Block 3 — The room, and the live trace (8:10–8:50). Ring 3, the harness. Say the load-bearing sentence: "context engineering is one subsystem of the harness." Draw the room and the zoom-in. Run the demo: write the turn-47 trace and tap each ring by name. Finish with the debugging test. Checkpoint — the whole lecture in one question: "The agent just ran rm -rf /. Which ring is the bug in?" (Harness. Not the prompt.)
Block 4 — Consolidate + bridge (8:50–9:00). Recite the spine: prompt ⊂ context ⊂ harness — one sentence, one turn, one machine. Bridge forward: "We've built the innermost mechanics, the bare loop. Next we give the agent hands: tools."
You can now teach
- The three nested rings — prompt ⊂ context ⊂ harness — drawn as a bullseye, and the three questions (say / see / live inside) that define them.

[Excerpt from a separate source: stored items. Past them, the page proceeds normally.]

text \<open>Each row of a matrix in binmat n1 n2 s can be cut into s blocks of width m = n2 div s
  and given one 1 per block, so words of length n1 s over an m-letter alphabet embed into
  binmat n1 n2 s, doubling Hamming distances. By the Gilbert--Varshamov bound there is such a
  code with minimum distance n1 s / 16 and at least m^(n1 s / 4) words; since
  ln (e n2 / s) \<le> 4 ln m, this gives the constant 1/16.\<close>

definition hamming_fun :: "'a set \<Rightarrow> ('a \<Rightarrow> 'b) \<Rightarrow> ('a \<Rightarrow> 'b) \<Rightarrow> nat" where
  "hamming_fun I f g = card {p\<in>I. f p \<noteq> g p}"

definition code_min_dist :: "'a set \<Rightarrow> real \<Rightarrow> ('a \<Rightarrow> 'b) set \<Rightarrow> bool" where
  "code_min_dist I d \<Omega> \<longleftrightarrow> (\<forall>f\<in>\<Omega>. \<forall>g\<in>\<Omega>. f \<noteq> g \<longrightarrow> d \<le> real (hamming_fun I f g))"

lemma hamming_fun_commute: "hamming_fun I f g = hamming_fun I g f"
  unfolding hamming_fun_def by metis

lemma hamming_fun_self [simp]: "hamming_fun I f f = 0"
  by (simp add: hamming_fun_def)

lemma prod_hamming_weight:
  assumes "finite I"
  shows "(\<Prod>p\<in>I. if c p = g p then 1 else y) = y ^ hamming_fun I c g"
proof -
  have "(\<Prod>p\<in>I. if c p = g p then 1 else y) = y ^ card (I \<inter> - {p. c p = g p})"
    by (simp add: prod.If_cases[OF assms])
  also have "I \<inter> - {p. c p = g p} = {p\<in>I. c p \<noteq> g p}" by auto
  finally show ?thesis by (simp add: hamming_fun_def)
qed

text \<open>Chernoff-type estimate: weighting each word at distance k from c by y^k, the whole
  space has total weight (1 + (q - 1) y)^|I|, while each word of the ball weighs at least y^d.\<close>
lemma card_hamming_ball_le:
  fixes y d :: real
  assumes fin: "finite I" "finite Q" and y: "0 < y" "y \<le> 1" and c: "c \<in> PiE I (\<lambda>_. Q)"
  shows "real (card {g\<in>PiE I (\<lambda>_. Q). real (hamming_fun I c g) < d})
     \<le> y powr (-d) * (1 + (real (card Q) - 1) * y) ^ card I"
proof -
  let ?W = "PiE I (\<lambda>_. Q)"
  let ?w = "\<lambda>g. y ^ hamming_fun I c g"
  have weight_ge: "1 \<le> y powr (-d) * ?w g" if "real (hamming_fun I c g) < d" for g
  proof -
    have "y powr d \<le> ?w g"
      using powr_mono'[of "real (hamming_fun I c g)" d y] that y by (simp add: powr_realpow)
    then have "y powr (-d) * y powr d \<le> y powr (-d) * ?w g" by (simp add: mult_left_mono)
    then show ?thesis using y by (simp add: powr_add[symmetric])
  qed
  have letter_sum: "(\<Sum>v\<in>Q. if c p = v then 1 else y) = 1 + (real (card Q) - 1) * y"
    if "p \<in> I" for p
  proof -
    have "(\<Sum>v\<in>Q. if c p = v then 1 else y) = (\<Sum>v\<in>Q. y + (if v = c p then 1 - y else 0))"
      by (rule sum.cong) auto
    also have "\<dots> = real (card Q) * y + (1 - y)"
      using c that fin by (auto simp: sum.distrib)
    finally show ?thesis by (simp add: algebra_simps)
  qed
  have "real (card {g\<in>?W. real (hamming_fun I c g) < d})
      = (\<Sum>g\<in>{g\<in>?W. real (hamming_fun I c g) < d}. 1)" by simp
  also have "\<dots> \<le> (\<Sum>g\<in>{g\<in>?W. real (hamming_fun I c g) < d}. y powr (-d) * ?w g)"
    using weight_ge by (intro sum_mono) simp
  also have "\<dots> \<le> (\<Sum>g\<in>?W. y powr (-d) * ?w g)"
    by (rule sum_mono2) (use fin y in \<open>auto simp: finite_PiE\<close>)
  also have "\<dots> = y powr (-d) * (\<Sum>g\<in>?W. \<Prod>p\<in>I. if c p = g p then 1 else y)"
    by (simp add: sum_distrib_left prod_hamming_weight[OF fin(1)])
  also have "(\<Sum>g\<in>?W. \<Prod>p\<in>I. if c p = g p then 1 else y) = (\<Prod>p\<in>I. \<Sum>v\<in>Q. if c p = v then 1 else y)"
    by (rule prod_sum_PiE[symmetric]) (use fin in auto)
  also have "\<dots> = (1 + (real (card Q) - 1) * y) ^ card I"
    by (simp add: letter_sum)
  finally show ?thesis by simp
qed

lemma maximal_code_covers:
  assumes d: "0 < d" and \<Omega>: "\<Omega> \<subseteq> PiE I (\<lambda>_. Q)" "code_min_dist I d \<Omega>"
    and maximal: "\<And>\<Omega>'. \<Omega> \<subseteq> \<Omega>' \<Longrightarrow> \<Omega>' \<subseteq> PiE I (\<lambda>_. Q) \<Longrightarrow> code_min_dist I d \<Omega>' \<Longrightarrow> \<Omega>' = \<Omega>"
    and g: "g \<in> PiE I (\<lambda>_. Q)"
  shows "\<exists>c\<in>\<Omega>. real (hamming_fun I c g) < d"
proof (rule ccontr)
  assume far: "\<not> ?thesis"
  then have "g \<notin> \<Omega>" using d by force
  moreover have "code_min_dist I d (insert g \<Omega>)"
    using \<Omega>(2) far unfolding code_min_dist_def by (metis hamming_fun_commute insert_iff not_less)
  ultimately show False using maximal[of "insert g \<Omega>"] \<Omega>(1) g by blast
qed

- Prompt engineering as one message for one answer, with the tiny before/after, and why its one-turn horizon makes it not-enough for an agent.
- Context engineering as the exam-desk that fits one page: curation under scarcity, the attention-runs-out and context-rot limits, and the 200K-vs-20K aha.
- Why context is cyclical (reruns every turn) while the prompt is authored once.
- The load-bearing sentence — context engineering is one subsystem of the harness — and the zoom-in that shows it as one gear in the machine.
- The debugging payoff: reading a real turn-47 trace at three altitudes, and using "the layer you edit tells you the discipline" to route any bug to its ring.